The daily organization of sleep and wake periods is orchestrated by circadian, homeostatic, and motivational processes. The circadian clock (about 24 hours long) synchronizes sleep to an appropriate time of day (that is, night in diurnal animals and day in nocturnal animals). The homeostatic process is responsible for compensating sleep loss following sleep debt. In addition, environmental circumstances and internal needs, here referred to as “motivational processes”, can powerfully affect sleep/wake states.

How do regulatory circuits maintain the boundaries between the vigilance states? The hypocretin system is hypothesized to orchestrate the structural organization of sleep/wake states^84,106. The hypocretins are two neuropeptides, Hcrt-1 and Hcrt-2, produced from the pre-pro-hypocretin precursor, which are expressed solely in a glutamatergic neuronal population in the LH. Hcrt neurons project to diverse areas of the central nervous system, including to major sleep/wake nuclei, such as the LC, TMN, DRN, PPT, LDT, and VTA^62,107, that express the Hcrt receptors, Hcrt-R1 and Hcrt-R2¹⁰⁸. In vitro electrophysiology and histological studies demonstrate that Hcrt neurons are activated by neurotransmitters that promote arousal, including corticotropin-releasing factor¹⁰⁹ and thyrotropin-releasing hormone¹¹⁰, and inhibited by sleep-promoting substances, including GABA¹¹¹ and adenosine¹¹².

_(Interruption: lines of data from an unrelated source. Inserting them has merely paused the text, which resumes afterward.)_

definition scaled_error :: "real \<Rightarrow> (real \<Rightarrow> real) \<Rightarrow> real \<Rightarrow> nat \<Rightarrow> real" where
  "scaled_error \<mu> h x n = real n * (kantorovich n h (aseq \<mu> (n+1) x) - h x)"

lemma scaled_error_add:
  assumes "continuous_on {0..1} g" "continuous_on {0..1} h"
  shows "scaled_error \<mu> (\<lambda>t. g t + h t) x n = scaled_error \<mu> g x n + scaled_error \<mu> h x n"
  unfolding scaled_error_def kantorovich_add[OF assms] by (simp add: algebra_simps)

lemma scaled_error_minus: "scaled_error \<mu> (\<lambda>t. - h t) x n = - scaled_error \<mu> h x n"
  unfolding scaled_error_def kantorovich_minus by (simp add: algebra_simps)

lemma scaled_error_cmult: "scaled_error \<mu> (\<lambda>t. c * h t) x n = c * scaled_error \<mu> h x n"
  unfolding scaled_error_def kantorovich_cmult by (simp add: algebra_simps)

lemma scaled_error_tendsto:
  fixes h h1 :: "real \<Rightarrow> real"
  assumes "-1 < \<mu>" "0 < x" "x < 1" and hc: "continuous_on {0..1} h"
    and "\<delta> > 0" and d1: "\<And>t. \<bar>t - x\<bar> < \<delta> \<Longrightarrow> (h has_real_derivative h1 t) (at t)"
    and d2: "(h1 has_real_derivative h2) (at x)"
  shows "scaled_error \<mu> h x \<longlonglongrightarrow> Acoef \<mu> x * h1 x + Bcoef x * h2"
proof -
  have "scaled_error \<mu> h x \<longlonglongrightarrow> ((1 - 2 * x) / 2 + (x - x\<^sup>2) / (2 * (1 + \<mu>))) * h1 x + (x - x\<^sup>2) / 2 * h2"
    unfolding scaled_error_def
    using assms aseq_in_unit aseq_tendsto aseq_rate
    by (intro kantorovich_voronovskaja[OF hc _ _ _ \<open>\<delta> > 0\<close> d1 d2]) auto
  moreover have "(1 - 2 * x) / 2 + (x - x\<^sup>2) / (2 * (1 + \<mu>)) = Acoef \<mu> x" "(x - x\<^sup>2) / 2 = Bcoef x"
    by (simp_all add: Acoef_def Bcoef_def diff_divide_distrib)
  ultimately show ?thesis by simp
qed

section \<open>A maximum principle and saturation\<close>

lemma scaled_error_limit_nonpos_at_local_max:
  assumes "-1 < \<mu>" "0 < x" "x < 1" and Pc: "continuous_on {0..1} P" and "\<eta> > 0"
    and max: "\<And>t. t \<in> {0..1} \<Longrightarrow> \<bar>t - x\<bar> < \<eta> \<Longrightarrow> P t \<le> P x"
    and lim: "scaled_error \<mu> P x \<longlonglongrightarrow> L"
  shows "L \<le> 0"
proof -
  define y where "y n = aseq \<mu> (n+1) x" for n
  have y01: "y n \<in> {0..1}" for n
    unfolding y_def using assms aseq_in_unit by simp
  obtain C where C: "\<And>t. t \<in> {0..1} \<Longrightarrow> \<bar>P t\<bar> \<le> C"
    using continuous_on_compact_bound[OF compact_Icc Pc] by (metis real_norm_def)
  have "scaled_error \<mu> P x n \<le> 2 * C * (real n * kantorovich_tail n (y n) x \<eta>)" for n
  proof -
    have "kantorovich n P (y n) - P x = kantorovich n (\<lambda>t. P t - P x) (y n)"
      by (simp add: kantorovich_diff kantorovich_const Pc)
    also have "\<dots> \<le> kantorovich n (\<lambda>t. 0) (y n) + 2 * C * kantorovich_tail n (y n) x \<eta>"
      using C[of x] C max assms(2,3)
      by (intro kantorovich_le_tail y01 continuous_intros Pc) (fastforce simp: abs_le_iff)+
    finally show ?thesis
      unfolding scaled_error_def y_def kantorovich_const by (simp add: mult_left_mono mult.left_commute)
  qed
  moreover have "(\<lambda>n. 2 * C * (real n * kantorovich_tail n (y n) x \<eta>)) \<longlonglongrightarrow> 2 * C * 0"
    unfolding y_def using assms aseq_in_unit aseq_tendsto
    by (intro tendsto_intros kantorovich_tail_tendsto_zero) auto
  ultimately show ?thesis
    using LIMSEQ_le[OF lim] by simp
qed

theorem scaled_error_max_principle:
  assumes "-1 < \<mu>" and Pc: "continuous_on {0..1} P" and "0 < a" "b < 1" "x \<in> {a..b}"
    and sub: "\<And>y. a < y \<Longrightarrow> y < b \<Longrightarrow> \<exists>L>0. scaled_error \<mu> P y \<longlonglongrightarrow> L"
  shows "P x \<le> max (P a) (P b)"
proof (rule ccontr)
  assume contra: "\<not> P x \<le> max (P a) (P b)"
  have "continuous_on {a..b} P"
    using Pc by (rule continuous_on_subset) (use assms in auto)
  then obtain x1 where x1: "x1 \<in> {a..b}" and x1max: "\<And>t. t \<in> {a..b} \<Longrightarrow> P t \<le> P x1"
    using continuous_attains_sup[OF compact_Icc] assms(5) by (metis empty_iff)
  have "a < x1" "x1 < b"
    using x1 x1max[OF assms(5)] contra by (auto simp: order.order_iff_strict)
  obtain L where "L > 0" and L: "scaled_error \<mu> P x1 \<longlonglongrightarrow> L"
    using sub[OF \<open>a < x1\<close> \<open>x1 < b\<close>] by blast
  have "L \<le> 0"
    using \<open>a < x1\<close> \<open>x1 < b\<close> x1max assms(1,3,4)
    by (intro scaled_error_limit_nonpos_at_local_max[OF _ _ _ Pc _ _ L, where \<eta> = "min (x1 - a) (b - x1)"])
       (auto simp: abs_less_iff)
  with \<open>L > 0\<close> show False by simp
qed

definition logit :: "real \<Rightarrow> real" where
  "logit t = ln t - ln (1 - t)"

lemma Acoef_Bcoef_logit:
  assumes "-1 < \<mu>" "0 < x" "x < 1"
  shows "Acoef \<mu> x * (1 / x + 1 / (1 - x)) + Bcoef x * (1 / (1 - x)\<^sup>2 - 1 / x\<^sup>2) = 1 / (2 * (1 + \<mu>))"
proof -
  define u where "u = 1 - x"
  define c where "c = 1 + \<mu>"
  have "x \<noteq> 0" "u \<noteq> 0" "c \<noteq> 0" "x = 1 - u" using assms by (simp_all add: u_def c_def)
  then show ?thesis
    unfolding Acoef_def Bcoef_def u_def[symmetric] c_def[symmetric]
    by (simp add: field_simps power2_eq_square) algebra
qed

lemma scaled_error_clamped_logit:
  assumes "-1 < \<mu>" "0 < a" "a < y" "y < b" "b < 1"
  shows "scaled_error \<mu> (\<lambda>t. logit (max a (min b t))) y \<longlonglongrightarrow> 1 / (2 * (1 + \<mu>))"
proof -
  have "scaled_error \<mu> (\<lambda>t. logit (max a (min b t))) y \<longlonglongrightarrow>
      Acoef \<mu> y * (1 / y + 1 / (1 - y)) + Bcoef y * (1 / (1 - y)\<^sup>2 - 1 / y\<^sup>2)"
  proof (rule scaled_error_tendsto[where \<delta> = "min (y - a) (b - y)"])
    show "continuous_on {0..1} (\<lambda>t. logit (max a (min b t)))"
      unfolding logit_def using assms
      by (intro continuous_intros) (auto simp: max_def min_def)
    fix t assume "\<bar>t - y\<bar> < min (y - a) (b - y)"
    then have t: "a < t" "t < b" by auto
    have "(logit has_real_derivative 1 / t + 1 / (1 - t)) (at t)"
      unfolding logit_def using t assms by (auto intro!: derivative_eq_intros simp: field_simps)
    then show "((\<lambda>t. logit (max a (min b t))) has_real_derivative 1 / t + 1 / (1 - t)) (at t)"
      by (rule has_field_derivative_transform_within_open[where S = "{a<..<b}"]) (use t in auto)
  next
    show "((\<lambda>t. 1 / t + 1 / (1 - t)) has_real_derivative 1 / (1 - y)\<^sup>2 - 1 / y\<^sup>2) (at y)"
      using assms by (auto intro!: derivative_eq_intros simp: field_simps power2_eq_square)
  qed (use assms in auto)
  then show ?thesis using Acoef_Bcoef_logit[of \<mu> y] assms by simp
qed

lemma exists_logit_le:
  assumes "0 < x"
  obtains a where "0 < a" "a < x" "logit a \<le> L"
proof -
  have "filterlim logit at_bot (at_right 0)"
    unfolding logit_def by real_asymp
  then have "eventually (\<lambda>a. logit a \<le> L) (at_right 0)"
    by (simp add: filterlim_at_bot)
  moreover have "eventually (\<lambda>a. a \<in> {0<..<x}) (at_right 0)"
    using assms by (rule eventually_at_right_real)
  ultimately have "eventually (\<lambda>a. logit a \<le> L \<and> a \<in> {0<..<x}) (at_right 0)"
    by (rule eventually_conj)
  from eventually_happens'[OF trivial_limit_at_right_real this] that show thesis
    by auto
qed

lemma scaled_error_zero_imp_logit_barrier:
  assumes "-1 < \<mu>" and gc: "continuous_on {0..1} g"
    and g0: "\<And>y. 0 < y \<Longrightarrow> y < 1 \<Longrightarrow> scaled_error \<mu> g y \<longlonglongrightarrow> 0"
    and "0 < x" "x < b" "b < 1" "\<epsilon> > 0"
  shows "g x + \<epsilon> * logit x \<le> g b + \<epsilon> * logit b"
proof -
  obtain M where M: "\<And>t. t \<in> {0..1} \<Longrightarrow> \<bar>g t\<bar> \<le> M"
    using continuous_on_compact_bound[OF compact_Icc gc] by (metis real_norm_def)
  obtain a where a: "0 < a" "a < x" "logit a \<le> logit b - 2 * M / \<epsilon>"
    using exists_logit_le[OF \<open>0 < x\<close>] .
  \<comment> \<open>\<open>logit\<close> frozen outside \<open>[a, b]\<close>, to make it continuous on \<open>[0, 1]\<close>\<close>
  define V where "V t = logit (max a (min b t))" for t
  have Vc: "continuous_on {0..1} V"
    unfolding V_def logit_def using a assms by (intro continuous_intros) (auto simp: max_def min_def)
  have "g x + \<epsilon> * V x \<le> max (g a + \<epsilon> * V a) (g b + \<epsilon> * V b)"
  proof (rule scaled_error_max_principle[where P = "\<lambda>t. g t + \<epsilon> * V t"])
    fix y assume y: "a < y" "y < b"
    have "scaled_error \<mu> (\<lambda>t. g t + \<epsilon> * V t) y = (\<lambda>n. scaled_error \<mu> g y n + \<epsilon> * scaled_error \<mu> V y n)"
      by (simp add: scaled_error_add scaled_error_cmult gc Vc continuous_intros fun_eq_iff)
    moreover have "\<dots> \<longlonglongrightarrow> 0 + \<epsilon> * (1 / (2 * (1 + \<mu>)))"
      unfolding V_def using y a assms by (intro tendsto_intros g0 scaled_error_clamped_logit) auto
    moreover have "0 + \<epsilon> * (1 / (2 * (1 + \<mu>))) > 0"
      using \<open>\<epsilon> > 0\<close> \<open>-1 < \<mu>\<close> by simp
    ultimately show "\<exists>L>0. scaled_error \<mu> (\<lambda>t. g t + \<epsilon> * V t) y \<longlonglongrightarrow> L" by metis
  qed (use a assms in \<open>auto intro!: continuous_intros gc Vc\<close>)
  moreover have "V a = logit a" "V b = logit b" "V x = logit x"
    using a assms by (simp_all add: V_def)
  moreover have "g a + \<epsilon> * logit a \<le> g b + \<epsilon> * logit b"
  proof -
    have "\<epsilon> * logit a \<le> \<epsilon> * logit b - 2 * M"
      using mult_left_mono[OF a(3), of \<epsilon>] \<open>\<epsilon> > 0\<close> by (simp add: right_diff_distrib)
    moreover have "g a \<le> M" "- M \<le> g b"
      using M[of a] M[of b] a assms by (simp_all add: abs_le_iff)
    ultimately show ?thesis by linarith
  qed
  ultimately show ?thesis by (simp add: max_def)
qed

lemma scaled_error_zero_imp_mono:
  assumes "-1 < \<mu>" and gc: "continuous_on {0..1} g"
    and g0: "\<And>y. 0 < y \<Longrightarrow> y < 1 \<Longrightarrow> scaled_error \<mu> g y \<longlonglongrightarrow> 0"
    and "0 < x" "x < b" "b < 1"
  shows "g x \<le> g b"
proof -
  have "((\<lambda>\<epsilon>. g b + \<epsilon> * logit b) \<longlongrightarrow> g b + 0 * logit b) (at_right 0)"
    "((\<lambda>\<epsilon>. g x + \<epsilon> * logit x) \<longlongrightarrow> g x + 0 * logit x) (at_right 0)"
    by (intro tendsto_intros)+
  moreover have "eventually (\<lambda>\<epsilon>. g x + \<epsilon> * logit x \<le> g b + \<epsilon> * logit b) (at_right 0)"
    using eventually_at_right_less[of 0]
    by (rule eventually_mono) (rule scaled_error_zero_imp_logit_barrier[OF assms])
  ultimately have "g x + 0 * logit x \<le> g b + 0 * logit b"
    by (rule tendsto_le[OF trivial_limit_at_right_real])
  then show ?thesis by simp
qed

lemma scaled_error_zero_imp_constant:
  assumes "-1 < \<mu>" and gc: "continuous_on {0..1} g"
    and g0: "\<And>y. 0 < y \<Longrightarrow> y < 1 \<Longrightarrow> scaled_error \<mu> g y \<longlonglongrightarrow> 0"
    and "0 < x" "x < 1" "0 < y" "y < 1"
  shows "g x = g y"
proof -
  have neg_c: "continuous_on {0..1} (\<lambda>t. - g t)"
    by (intro continuous_intros gc)
  have neg_0: "scaled_error \<mu> (\<lambda>t. - g t) y \<longlonglongrightarrow> 0" if "0 < y" "y < 1" for y
  proof -
    have "scaled_error \<mu> (\<lambda>t. - g t) y = (\<lambda>n. - scaled_error \<mu> g y n)"
      by (rule ext) (rule scaled_error_minus)
    then show ?thesis using tendsto_minus[OF g0[OF that]] by simp
  qed
  have eq: "g s = g t" if "0 < s" "s < t" "t < 1" for s t
    using scaled_error_zero_imp_mono[OF assms(1) gc g0 that]
      scaled_error_zero_imp_mono[OF assms(1) neg_c neg_0 that] by linarith
  show ?thesis
  proof (cases x y rule: linorder_cases)
    case less
    then show ?thesis using eq[of x y] assms by simp
  next
    case greater
    then show ?thesis using eq[of y x] assms by simp
  qed simp
qed

lemma ode_imp_scaled_error_tendsto_zero:
  assumes "-1 < \<mu>" and gc: "continuous_on {0..1} g" and x: "x \<in> {0<..<1}"
    and ode: "\<forall>x\<in>{0<..<1}. (g has_real_derivative g1 x) (at x) \<and> (g1 has_real_derivative g2 x) (at x)
        \<and> Acoef \<mu> x * g1 x + Bcoef x * g2 x = 0"
  shows "scaled_error \<mu> g x \<longlonglongrightarrow> 0"
proof -
  have "scaled_error \<mu> g x \<longlonglongrightarrow> Acoef \<mu> x * g1 x + Bcoef x * g2 x"
  proof (rule scaled_error_tendsto[OF \<open>-1 < \<mu>\<close> _ _ gc, where \<delta> = "min x (1 - x)"])
    fix t assume "\<bar>t - x\<bar> < min x (1 - x)"
    then have "t \<in> {0<..<1}" by (auto simp: abs_less_iff)
    then show "(g has_real_derivative g1 t) (at t)" using ode by blast
  qed (use ode x in auto)
  with ode x show ?thesis by simp
qed

theorem scaled_error_tendsto_zero_iff_ode:
  assumes "-1 < \<mu>" and gc: "continuous_on {0..1} g"
  shows "(\<forall>x\<in>{0<..<1}. scaled_error \<mu> g x \<longlonglongrightarrow> 0) \<longleftrightarrow>
    (\<exists>g1 g2. \<forall>x\<in>{0<..<1}. (g has_real_derivative g1 x) (at x) \<and> (g1 has_real_derivative g2 x) (at x)
        \<and> Acoef \<mu> x * g1 x + Bcoef x * g2 x = 0)"
proof
  assume "\<forall>x\<in>{0<..<1}. scaled_error \<mu> g x \<longlonglongrightarrow> 0"
  then have const: "g (1/2) = g x" if "x \<in> {0<..<1}" for x
    using that by (intro scaled_error_zero_imp_constant[OF \<open>-1 < \<mu>\<close> gc]) auto
  have "(g has_real_derivative 0) (at x)" if "x \<in> {0<..<1}" for x
    by (rule has_field_derivative_transform_within_open[OF DERIV_const[of "g (1/2)"] _ that])
       (simp_all add: const)
  then show "\<exists>g1 g2. \<forall>x\<in>{0<..<1}. (g has_real_derivative g1 x) (at x) \<and> (g1 has_real_derivative g2 x) (at x)
      \<and> Acoef \<mu> x * g1 x + Bcoef x * g2 x = 0"
    by (intro exI[of _ "\<lambda>_. 0"]) simp
qed (use ode_imp_scaled_error_tendsto_zero[OF assms] in blast)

Hcrt LH neurons are essential for the stability of arousal and malfunction of the Hcrt network fragments sleep and wake states. The loss of Hcrt neurons, or its receptors, in rodents^113–115, canines¹¹⁶, and humans^117–119 is associated with narcolepsy with cataplexy, a neurological disorder characterized by an inability to control the boundaries between sleep/wake states. In narcoleptics, periods of wakefulness are interrupted by unexpected sleep episodes, and REM-like episodes coexist with conscious wakefulness¹²⁰. Similarly, Hcrt knockout or Hcrt-R2-deficient mice show increased arousal state–transitions but do not vary in the total daily duration of sleep and wake states from control animals. Lastly, optogenetic stimulation of Hcrt LH neurons during sleep, in rodents, increases the probability for a sleep-to-wake transition⁸⁷. Together, these findings support the premise that under physiological conditions Hcrt LH neurons are important in maintaining the boundaries between sleep/wake states.

It is also important to note that the three vigilant states are not always mutually exclusive, and different dissociated states exist in humans as well as other animals. Slow-wave sleep can occur locally in cortical areas^121–123 as well as in individual neurons while animals are behaviorally awake¹²⁴. In addition, unihemispheric slow-wave sleep (USWS) has been documented in a number of aquatic mammals¹²⁵ and birds¹²⁶. During USWS, the eye contralateral to the awake hemisphere is open and could monitor the environment. This plasticity could permit birds to defend themselves from predators or continuously fly during long migration periods and aquatic mammals to breathe or take care of their young during critical periods¹²⁶.

Conclusions and perspectives

During the last decade, major advances have been made in characterizing the neuronal populations participating in sleep/wake regulation. However, it is still unclear how the brain integrates information from diverse populations to control overt arousal. Are the different arousal populations promoting wakefulness in different ecological contexts? How does the brain prioritize arousal based on environmental circumstances and homeostatic needs? In addition, future studies should further examine the role of distinct subpopulations of GABAergic, glutamatergic, and peptidergic neurons in sleep/wake regulatory nuclei.